Material to process: Begin

definition Tset :: "(nat \<Rightarrow> nat) \<Rightarrow> (nat \<Rightarrow> nat) \<Rightarrow> int \<Rightarrow> int set" where
  "Tset z w n = {m. inT z w n m}"

definition Lambda :: "(nat \<Rightarrow> nat) \<Rightarrow> (nat \<Rightarrow> nat) \<Rightarrow> int \<Rightarrow> nat" where
  "Lambda z w n = card (Tset z w n \<inter> {..0})"

inductive inTZ :: "(nat \<Rightarrow> nat) \<Rightarrow> int \<Rightarrow> int \<Rightarrow> bool"
  for z :: "nat \<Rightarrow> nat" where
  self: "inTZ z n n"
| viaZ: "n \<ge> 1 \<Longrightarrow> inTZ z (n - int (z (nat n))) m \<Longrightarrow> inTZ z n m"

definition TZset :: "(nat \<Rightarrow> nat) \<Rightarrow> int \<Rightarrow> int set" where
  "TZset z n = {m. inTZ z n m}"

end

(*
  Fix K.  Follow the Z-walk from n for K*D steps.  Its jumps are a.s. finite, so with high
  probability none of these jumps is large and the walk stays above a level A; let
  s_0 > s_1 > ... > s_K be its positions after 0, D, ..., K*D steps.  From each s_i the W-walk
  descends to a landing site <= 0 which belongs to T_n.  Two of these W-walks land at the same
  site only if they meet, and cutting them at their first meeting point leaves two paths
  through disjoint sites, independent of each other and of the Z-path.  So a meeting of the
  walks from s_i and s_j has probability at most  sum_m u(s_i, m) u(s_j, m),  where u(a, m) is
  the probability that a Z-walk from a visits m, equal to r_(a - m) for m >= 0.  For s_j >= A
  and s_i - s_j >= D this sum is small: on sites m >= 1 because sum_k r_k^2 < oo forces
  sum_i r_(i + d) r_i -> 0 as d -> oo, and on landing sites m <= 0 because a walk started high
  lands at any given site with small probability.  Hence Lambda_n > K with probability close
  to 1 for all large n.
*)

theory Submission
  imports Defs
begin

section \<open>Jump paths and walks\<close>

(* A path from a is the list of its jump sizes; jumps are made only from sites >= 1. *)
fun jump_path :: "int \<Rightarrow> nat list \<Rightarrow> bool" where
  "jump_path a [] = True"
| "jump_path a (j # js) = (1 \<le> a \<and> 1 \<le> j \<and> jump_path (a - int j) js)"

definition path_end :: "int \<Rightarrow> nat list \<Rightarrow> int" where
  "path_end a js = a - int (sum_list js)"

fun path_sites :: "int \<Rightarrow> nat list \<Rightarrow> int set" where
  "path_sites a [] = {}"
| "path_sites a (j # js) = insert a (path_sites (a - int j) js)"

fun follows :: "(nat \<Rightarrow> nat) \<Rightarrow> int \<Rightarrow> nat list \<Rightarrow> bool" where
  "follows z a [] = True"
| "follows z a (j # js) = (z (nat a) = j \<and> follows z (a - int j) js)"

primrec walk :: "(nat \<Rightarrow> nat) \<Rightarrow> int \<Rightarrow> nat \<Rightarrow> int" where
  "walk z a 0 = a"
| "walk z a (Suc k) = (if 1 \<le> a then walk z (a - int (z (nat a))) k else a)"

primrec walk_path :: "(nat \<Rightarrow> nat) \<Rightarrow> int \<Rightarrow> nat \<Rightarrow> nat list" where
  "walk_path z a 0 = []"
| "walk_path z a (Suc k) = (if 1 \<le> a then z (nat a) # walk_path z (a - int (z (nat a))) k else [])"

lemma path_end_Nil [simp]: "path_end a [] = a"
  and path_end_Cons [simp]: "path_end a (j # js) = path_end (a - int j) js"
  by (simp_all add: path_end_def)

lemma path_end_append: "path_end a (xs @ ys) = path_end (path_end a xs) ys"
  by (simp add: path_end_def)

lemma jump_path_append: "jump_path a (xs @ ys) \<longleftrightarrow> jump_path a xs \<and> jump_path (path_end a xs) ys"
  by (induction xs arbitrary: a) auto

lemma jump_path_length_le: "jump_path a js \<Longrightarrow> length js \<le> sum_list js"
  by (induction js arbitrary: a) fastforce+

lemma jump_path_end_le: "jump_path a js \<Longrightarrow> path_end a js + int (length js) \<le> a"
  using jump_path_length_le[of a js] by (simp add: path_end_def)

lemma jump_path_sites:
  "jump_path a js \<Longrightarrow> x \<in> path_sites a js \<Longrightarrow> path_end a js < x \<and> x \<le> a \<and> 1 \<le> x"
proof (induction js arbitrary: a)
  case (Cons j js)
  then have "1 \<le> a" "1 \<le> int j" "jump_path (a - int j) js" by auto
  then show ?case
    using Cons.IH[of "a - int j"] Cons.prems jump_path_end_le[of "a - int j" js]
    by (cases "x = a") auto
qed auto

lemma path_end_take_gap:
  assumes "jump_path a js" "k \<le> length js"
  shows "path_end a js + int (length js - k) \<le> path_end a (take k js)"
proof -
  have "jump_path (path_end a (take k js)) (drop k js)"
    using assms(1) jump_path_append[of a "take k js" "drop k js"] by simp
  then show ?thesis
    using jump_path_end_le path_end_append[of a "take k js" "drop k js"] assms(2) by fastforce
qed

lemma follows_prefix:
  "jump_path a xs \<Longrightarrow> jump_path a ys \<Longrightarrow> follows z a xs \<Longrightarrow> follows z a ys \<Longrightarrow>
    (\<exists>t. ys = xs @ t) \<or> (\<exists>t. xs = ys @ t)"
proof (induction xs arbitrary: a ys)
  case (Cons j xs)
  then show ?case by (cases ys) auto
qed auto

lemma follows_same_length:
  "jump_path a xs \<Longrightarrow> jump_path a ys \<Longrightarrow> follows z a xs \<Longrightarrow> follows z a ys \<Longrightarrow>
    length xs = length ys \<Longrightarrow> xs = ys"
  using follows_prefix by fastforce

lemma follows_landing:
  assumes "jump_path a xs" "jump_path a ys" "follows z a xs" "follows z a ys"
    and "path_end a xs \<le> 0" "path_end a ys \<le> 0"
  shows "xs = ys"
proof -
  have no_ext: "t = []" if "jump_path a (us @ t)" "path_end a us \<le> 0" for us t
    using that by (cases t) (auto simp: jump_path_append)
  from follows_prefix[OF assms(1-4)] show ?thesis
    using no_ext assms by fastforce
qed

lemma finite_jump_paths_above: "finite {js. jump_path a js \<and> c \<le> path_end a js}"
proof -
  let ?n = "nat (a - c)"
  have "{js. jump_path a js \<and> c \<le> path_end a js} \<subseteq> {js. set js \<subseteq> {..?n} \<and> length js \<le> ?n}"
  proof clarify
    fix js assume js: "jump_path a js" "c \<le> path_end a js"
    then have s: "int (sum_list js) \<le> a - c" by (simp add: path_end_def)
    have "length js \<le> ?n" using jump_path_length_le[OF js(1)] s by linarith
    moreover have "sum_list js \<le> ?n" using s by linarith
    then have "set js \<subseteq> {..?n}" by (auto dest: member_le_sum_list)
    ultimately show "set js \<subseteq> {..?n} \<and> length js \<le> ?n" by blast
  qed
  then show ?thesis
    using finite_lists_length_le[of "{..?n}" ?n] finite_subset by blast
qed

lemma finite_jump_paths_to: "finite {js. jump_path a js \<and> path_end a js = m}"
  by (rule finite_subset[OF _ finite_jump_paths_above[of a m]]) auto

lemma jump_path_to_shift:
  "0 \<le> m \<Longrightarrow> jump_path a js \<and> path_end a js = m \<longleftrightarrow> jump_path (a - m) js \<and> path_end (a - m) js = 0"
proof (induction js arbitrary: a)
  case (Cons j js)
  have IH: "jump_path (a - int j) js \<and> path_end (a - int j) js = m \<longleftrightarrow>
      jump_path (a - m - int j) js \<and> path_end (a - m - int j) js = 0"
    using Cons by (simp add: algebra_simps)
  have "m \<le> a - int j" if "jump_path (a - int j) js" "path_end (a - int j) js = m"
    using that jump_path_end_le[of "a - int j" js] by simp
  then show ?case using IH Cons.prems by auto
qed auto

lemma jump_path_last_jump:
  assumes "1 \<le> b" "m \<le> 0" "jump_path b js" "path_end b js = m"
  obtains k js' where "js = js' @ [nat (k - m)]" "1 \<le> k" "k \<le> b"
    "jump_path b js'" "path_end b js' = k"
proof -
  have "js \<noteq> []" using assms by auto
  then obtain js' j where js: "js = js' @ [j]" by (metis rev_exhaust)
  define k where "k = path_end b js'"
  have "jump_path b js'" "jump_path k [j]" "path_end k [j] = m"
    using assms(3,4) js by (auto simp: jump_path_append path_end_append k_def)
  with jump_path_end_le[of b js'] show ?thesis
    using that js k_def by force
qed

lemma walk_Suc:
  "walk z a (Suc k) =
    (if 1 \<le> walk z a k then walk z a k - int (z (nat (walk z a k))) else walk z a k)"
proof (induction k arbitrary: a)
  case (Suc k)
  then show ?case by (cases "1 \<le> a") (simp_all only: walk.simps, simp_all)
qed simp

lemma walk_antimono: "k \<le> k' \<Longrightarrow> walk z a k' \<le> walk z a k"
proof (induction k' rule: dec_induct)
  case (step k')
  then show ?case using walk_Suc[of z a k'] by simp
qed simp

lemma walk_lands:
  assumes "\<forall>i. 1 \<le> z i"
  shows "walk z a (nat a + 1) \<le> 0"
proof -
  have "walk z a k \<le> 0 \<or> walk z a k \<le> a - int k" for k
  proof (induction k)
    case (Suc k)
    have "1 \<le> z (nat (walk z a k))" using assms by blast
    then show ?case using Suc walk_Suc[of z a k] by auto
  qed simp
  from this[of "nat a + 1"] show ?thesis by auto
qed

lemma jump_path_walk_path: "\<forall>i. 1 \<le> z i \<Longrightarrow> jump_path a (walk_path z a k)"
  by (induction k arbitrary: a) auto

lemma path_end_walk_path [simp]: "path_end a (walk_path z a k) = walk z a k"
  by (induction k arbitrary: a) auto

lemma follows_walk_path: "follows z a (walk_path z a k)"
  by (induction k arbitrary: a) auto

lemma path_sites_walk_path: "x \<in> path_sites a (walk_path z a k) \<Longrightarrow> \<exists>k' < k. x = walk z a k'"
proof (induction k arbitrary: a)
  case (Suc k)
  show ?case
  proof (cases "x = a")
    case True
    then show ?thesis by (intro exI[of _ 0]) auto
  next
    case False
    with Suc.prems have "1 \<le> a" "x \<in> path_sites (a - int (z (nat a))) (walk_path z (a - int (z (nat a))) k)"
      by (auto split: if_splits)
    with Suc.IH obtain k' where "k' < k" "x = walk z (a - int (z (nat a))) k'" by blast
    with \<open>1 \<le> a\<close> show ?thesis by (intro exI[of _ "Suc k'"]) auto
  qed
qed simp

lemma length_walk_path: "\<forall>k' < k. 1 \<le> walk z a k' \<Longrightarrow> length (walk_path z a k) = k"
proof (induction k arbitrary: a)
  case (Suc k)
  from Suc.prems have a: "1 \<le> a" by (metis walk.simps(1) zero_less_Suc)
  have "\<forall>k' < k. 1 \<le> walk z (a - int (z (nat a))) k'"
    using Suc.prems a by (metis Suc_mono walk.simps(2))
  with Suc.IH a show ?case by simp
qed simp

lemma take_walk_path: "k \<le> k' \<Longrightarrow> take k (walk_path z a k') = walk_path z a k"
proof (induction k arbitrary: a k')
  case (Suc k)
  then show ?case by (cases k') auto
qed simp

lemma walks_first_meeting:
  assumes "walk w a i = walk w b j"
  obtains i0 j0 where "walk w a i0 = walk w b j0"
    "path_sites a (walk_path w a i0) \<inter> path_sites b (walk_path w b j0) = {}"
proof -
  define P where "P i \<longleftrightarrow> (\<exists>j. walk w a i = walk w b j)" for i
  define i0 where "i0 = (LEAST i. P i)"
  have "P i0" unfolding i0_def by (rule LeastI[of P i]) (use assms P_def in auto)
  then obtain j0 where j0: "walk w a i0 = walk w b j0" unfolding P_def by auto
  have "path_sites a (walk_path w a i0) \<inter> path_sites b (walk_path w b j0) = {}"
  proof (rule ccontr)
    assume "path_sites a (walk_path w a i0) \<inter> path_sites b (walk_path w b j0) \<noteq> {}"
    then obtain k1 k2 where "k1 < i0" "walk w a k1 = walk w b k2"
      using path_sites_walk_path by (metis disjoint_iff)
    then show False using not_less_Least[of k1 P] unfolding i0_def P_def by blast
  qed
  with j0 that show ?thesis by blast
qed

lemma inTZ_iff_walk: "inTZ z a m \<longleftrightarrow> (\<exists>k. walk z a k = m)"
proof
  show "inTZ z a m \<Longrightarrow> \<exists>k. walk z a k = m"
  proof (induction rule: inTZ.induct)
    case (self n)
    then show ?case using walk.simps(1) by blast
  next
    case (viaZ n m)
    then obtain k where "walk z (n - int (z (nat n))) k = m" by auto
    with viaZ show ?case by (metis walk.simps(2))
  qed
  have "inTZ z a (walk z a k)" for k
    by (induction k arbitrary: a) (auto intro: inTZ.intros)
  then show "\<exists>k. walk z a k = m \<Longrightarrow> inTZ z a m" by blast
qed

lemma inTZ_follows: "jump_path a js \<Longrightarrow> follows z a js \<Longrightarrow> inTZ z a (path_end a js)"
  by (induction js arbitrary: a) (auto intro: inTZ.intros)

lemma inT_if_inTZ_W: "inTZ w s m \<Longrightarrow> inT z w s m"
  by (induction rule: inTZ.induct) (auto intro: inT.intros)

lemma inT_if_inTZ_Z: "inTZ z n s \<Longrightarrow> inT z w s m \<Longrightarrow> inT z w n m"
  by (induction rule: inTZ.induct) (auto intro: inT.intros)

Material to process: End

*Task requirements*: Show every line above in which the word "large" appears.

*Solution for this task*:
  probability none of these jumps is large and the walk stays above a level A; let
  to 1 for all large n.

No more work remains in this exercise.